In the half-century after the First Ecumenical Council held in Nicaea in 325, if there was one man whom the Arians feared and hated more intensely than any other, as being able to lay bare the whole error of their teaching, and to marshal, even from exile or hiding, the beleaguered forces of the Orthodox, it was Saint Athanasius the Great. This blazing lamp of Orthodoxy, which imperial power and heretics' plots could not quench when he shone upon the lampstand, nor find when he was hid by the people and monks of Egypt, was born in Alexandria about the year 296. He received an excellent training in Greek letters and especially in the sacred Scriptures, of which he shows an exceptional knowledge in his writings. Even as a young man he had a remarkable depth of theological understanding; he was only about twenty years old when he wrote his treatise On the Incarnation. Saint Alexander, the Archbishop of Alexandria, brought him up in piety, ordained him his deacon, and, after deposing Arius for his blasphemy against the Divinity of the Son of God, took Athanasius to the First Council in Nicaea in 325; Saint Athanasius was to spend the remainder of his life labouring in defence of this holy Council. In 326, before his death, Alexander appointed Athanasius his successor.
In 325, Arius had been condemned by the Council of Nicaea; yet through Arius' hypocritical confession of Orthodox belief, Saint Constantine the Great was persuaded by Arius' supporters that he should be received back into the communion of the Church. But Athanasius, knowing well the perverseness of his mind, and the disease of heresy lurking in his heart, refused communion with Arius. The heresiarch's followers then began framing false charges against Athanasius; finally Saint Constantine the Great, misled by grave charges of the Saint's misconduct-which were completely false-had him exiled to Tiberius (Treves) in Gaul in 336. When Saint Constantine was succeeded by his three sons Constantine II, Constans, and Constantius, in 337, Saint Athanasius returned to Alexandria in triumph. But his enemies found an ally in Constantius, Emperor of the East; Saint Athanasius' second exile was spent in Rome. It was ended when Constans prevailed with threats upon his brother Constantius to restore Athanasius (see also Nov. 6). For ten years Saint Athanasius strengthened Orthodoxy throughout Egypt, visiting the whole country and encouraging all, clergy, monastics, and layfolk, being loved by all as a father. But after Constans' death in 350, Constantius became sole Emperor,and Athanasius was again in danger. In the evening of February 8, 356, General Syrianus with more than five thousand soldiers surrounded the church in which Athanasius was serving, and broke open the doors. Athanasius' clergy begged him to leave, but the good shepherd commanded that all the flock should withdraw first; and only when he was assured of their safety, he also, protected by divine grace, passed through the midst of the soldiers and disappeared into the deserts of Egypt, where for some six years he eluded the soldiers and spies sent after him.

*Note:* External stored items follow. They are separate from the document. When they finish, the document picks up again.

(* Let $(X,d)$ be a complete metric space and let $T\colon X\to X$ satisfy (CM): for all $x,y\in X$, $x\neq y$ implies $d(Tx,Ty)<\frac{1}{2}\{d(x,Tx)+d(y,Ty)\}$. Then the following are equivalent: (i) $\lim_{n\to\infty}d(T^nx,T^{n+1}x)=0$ for every $x\in X$; (ii) $T$ has a unique fixed point $z\in X$ and the sequence $(T^nx)_n$ converges to $z$ for every $x\in X$.
   Context: $T^n$ denotes the $n$-fold composition of $T$. *)

theory Defs
  imports "HOL-Analysis.Analysis"
begin

end

theory Submission
  imports Defs
begin

text \<open>
  Applying (CM) to x and y and the triangle inequality gives
  d(x,y) \<le> 3/2 (d(x,Tx) + d(y,Ty)), so any sequence whose displacement d(x_n,Tx_n) tends
  to 0 is Cauchy; its limit z satisfies d(z,Tz) \<le> 2 d(z,x_n) + 3 d(x_n,Tx_n), hence is fixed.
  Applied to the orbit of x this gives (i) \<Longrightarrow> (ii), and (CM) forbids two distinct fixed
  points. Conversely, a convergent orbit has vanishing displacement.
\<close>

definition kannan_contraction :: "('a::metric_space \<Rightarrow> 'a) \<Rightarrow> bool" where
  "kannan_contraction T \<longleftrightarrow>
     (\<forall>x y. x \<noteq> y \<longrightarrow> dist (T x) (T y) < (dist x (T x) + dist y (T y)) / 2)"

lemma kannan_contraction_dist_le:
  assumes "kannan_contraction T"
  shows "dist (T x) (T y) \<le> (dist x (T x) + dist y (T y)) / 2"
  using assms unfolding kannan_contraction_def
  by (cases "x = y") (auto simp: less_imp_le)

lemma kannan_contraction_fixed_point_unique:
  assumes "kannan_contraction T" "T z = z" "T w = w"
  shows "z = w"
proof (rule ccontr)
  assume "z \<noteq> w"
  with assms have "dist (T z) (T w) < 0"
    unfolding kannan_contraction_def by fastforce
  then show False
    by simp
qed

lemma kannan_contraction_dist_le_displacements:
  assumes "kannan_contraction T"
  shows "dist x y \<le> 3/2 * (dist x (T x) + dist y (T y))"
proof -
  have "dist x y \<le> dist x (T x) + dist (T x) (T y) + dist (T y) y"
    using dist_triangle[of x y "T x"] dist_triangle[of "T x" y "T y"] by linarith
  with kannan_contraction_dist_le[OF assms, of x y] show ?thesis
    by (simp add: dist_commute)
qed

lemma kannan_contraction_Cauchy:
  assumes T: "kannan_contraction T"
    and displacement: "(\<lambda>n. dist (X n) (T (X n))) \<longlonglongrightarrow> 0"
  shows "Cauchy X"
proof (rule metric_CauchyI)
  fix e :: real
  assume "e > 0"
  then obtain M where M: "\<And>n. n \<ge> M \<Longrightarrow> dist (X n) (T (X n)) < e / 3"
    using LIMSEQ_D[OF displacement, of "e / 3"] by auto
  have "dist (X m) (X n) < e" if "m \<ge> M" "n \<ge> M" for m n
    using kannan_contraction_dist_le_displacements[OF T, of "X m" "X n"] M[OF that(1)] M[OF that(2)]
    by argo
  then show "\<exists>M. \<forall>m\<ge>M. \<forall>n\<ge>M. dist (X m) (X n) < e"
    by blast
qed

lemma kannan_contraction_limit_fixed_point:
  assumes T: "kannan_contraction T"
    and X: "X \<longlonglongrightarrow> z"
    and displacement: "(\<lambda>n. dist (X n) (T (X n))) \<longlonglongrightarrow> 0"
  shows "T z = z"
proof -
  have bound: "dist z (T z) \<le> 2 * dist z (X n) + 3 * dist (X n) (T (X n))" for n
  proof -
    have "dist z (T z) \<le> dist z (X n) + dist (X n) (T (X n)) + dist (T (X n)) (T z)"
      using dist_triangle[of z "T z" "X n"] dist_triangle[of "X n" "T z" "T (X n)"] by linarith
    with kannan_contraction_dist_le[OF T, of "X n" z] show ?thesis
      by (simp add: dist_commute)
  qed
  have "(\<lambda>n. 2 * dist z (X n) + 3 * dist (X n) (T (X n))) \<longlonglongrightarrow> 2 * dist z z + 3 * 0"
    by (intro tendsto_intros X displacement)
  then have "dist z (T z) \<le> 0"
    using bound by (intro LIMSEQ_le_const[of _ 0]) auto
  then show ?thesis
    by simp
qed

lemma kannan_contraction_iterates_converge:
  fixes T :: "'a::complete_space \<Rightarrow> 'a"
  assumes T: "kannan_contraction T"
    and displacement: "(\<lambda>n. dist ((T ^^ n) x) ((T ^^ Suc n) x)) \<longlonglongrightarrow> 0"
  shows "\<exists>z. T z = z \<and> (\<lambda>n. (T ^^ n) x) \<longlonglongrightarrow> z"
proof -
  have orbit: "(\<lambda>n. dist ((T ^^ n) x) (T ((T ^^ n) x))) \<longlonglongrightarrow> 0"
    using displacement by simp
  obtain z where "(\<lambda>n. (T ^^ n) x) \<longlonglongrightarrow> z"
    using kannan_contraction_Cauchy[OF T orbit] Cauchy_convergent_iff convergent_def by blast
  with kannan_contraction_limit_fixed_point[OF T _ orbit] show ?thesis
    by blast
qed

lemma iterates_converge_imp_displacement_tendsto_0:
  assumes "(\<lambda>n. (T ^^ n) x) \<longlonglongrightarrow> z"
  shows "(\<lambda>n. dist ((T ^^ n) x) ((T ^^ Suc n) x)) \<longlonglongrightarrow> 0"
  using tendsto_dist[OF assms LIMSEQ_Suc[OF assms]] by simp

theorem theorem5p2:
  fixes T :: "'a::complete_space \<Rightarrow> 'a"
  assumes CM: "\<And>x y. x \<noteq> y \<Longrightarrow> dist (T x) (T y) < (dist x (T x) + dist y (T y)) / 2"
  shows "(\<forall>x. (\<lambda>n. dist ((T ^^ n) x) ((T ^^ Suc n) x)) \<longlonglongrightarrow> 0)
     \<longleftrightarrow> (\<exists>!z. T z = z) \<and> (\<exists>z. T z = z \<and> (\<forall>x. (\<lambda>n. (T ^^ n) x) \<longlonglongrightarrow> z))"
proof
  have T: "kannan_contraction T"
    using CM unfolding kannan_contraction_def by blast
  assume "\<forall>x. (\<lambda>n. dist ((T ^^ n) x) ((T ^^ Suc n) x)) \<longlonglongrightarrow> 0"
  then have converge: "\<exists>z. T z = z \<and> (\<lambda>n. (T ^^ n) x) \<longlonglongrightarrow> z" for x
    using kannan_contraction_iterates_converge[OF T] by blast
  then obtain z where z: "T z = z"
    by blast
  have unique: "w = z" if "T w = w" for w
    using kannan_contraction_fixed_point_unique[OF T that z] .
  have "(\<lambda>n. (T ^^ n) x) \<longlonglongrightarrow> z" for x
    using converge[of x] unique by blast
  with z unique show "(\<exists>!z. T z = z) \<and> (\<exists>z. T z = z \<and> (\<forall>x. (\<lambda>n. (T ^^ n) x) \<longlonglongrightarrow> z))"
    by blast
next
  assume "(\<exists>!z. T z = z) \<and> (\<exists>z. T z = z \<and> (\<forall>x. (\<lambda>n. (T ^^ n) x) \<longlonglongrightarrow> z))"
  then obtain z where orbit: "\<And>x. (\<lambda>n. (T ^^ n) x) \<longlonglongrightarrow> z"
    by blast
  show "\<forall>x. (\<lambda>n. dist ((T ^^ n) x) ((T ^^ Suc n) x)) \<longlonglongrightarrow> 0"
    using iterates_converge_imp_displacement_tendsto_0[OF orbit] by blast
qed

end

When Julian the Apostate succeeded Constantius in 361, Athanasius returned again, but only for a few months. Because Athanasius had converted many pagans, and the priests of the idols in Egypt wrote to Julian that if Athanasius remained, idolatry would perish in Egypt, the heathen Emperor ordered not Athanasius' exile, but his death. Athanasius took ship up the Nile. When he learned that his imperial pursuers were following him, he had his men turn back, and as his boat passed that of his pursuers, they asked him if he had seen Athanasius. "He is not far," he answered. After returning to Alexandria for a while, he fled again to the Thebaid until Julian's death in 363. Saint Athanasius suffered his fifth and last exile under Valens in 365, which only lasted four months because Valens, fearing a sedition among the Egyptians for their beloved Archbishop, revoked his edict in February, 366.
The great Athanasius passed the remaining seven years of his life in peace. Of his fifty-seven years as Patriarch, he had spent some seventeen in exiles. Shining from the height of his throne like a radiant evening star, and enlightening the Orthodox with the brilliance of his words for yet a little while, this much-suffering champion inclined toward the sunset of his life, and, in the year 373, took his rest from his lengthy sufferings, but not before another luminary of the truth, Basil the Great, had risen in the East, being consecrated Archbishop of Caesarea in 370. Besides all his other achievements, Saint Athanasius wrote the life of Saint Anthony the Great, with whom he spent time in his youth; ordained Saint Frumentius first Bishop of Ethiopia; and in his Paschal Encyclical for the year 367 set forth the books of the Old and New Testaments accepted by the Church as canonical. Saint Gregory the Theologian, in his Oration On the Great Athanasius, said he was "Angelic in appearance, more angelic in mind; ... rebuking with the tenderness; of a father, praising with the dignity of a ruler ... Everything was harmonious, as an air upon a single lyre, and in the same key; his life, his teaching, his struggles, his dangers, his return, and his conduct after his return ... be treated so mildly and gently those who had injured him, that even they themselves, if I may say so, did not find his restoration distasteful."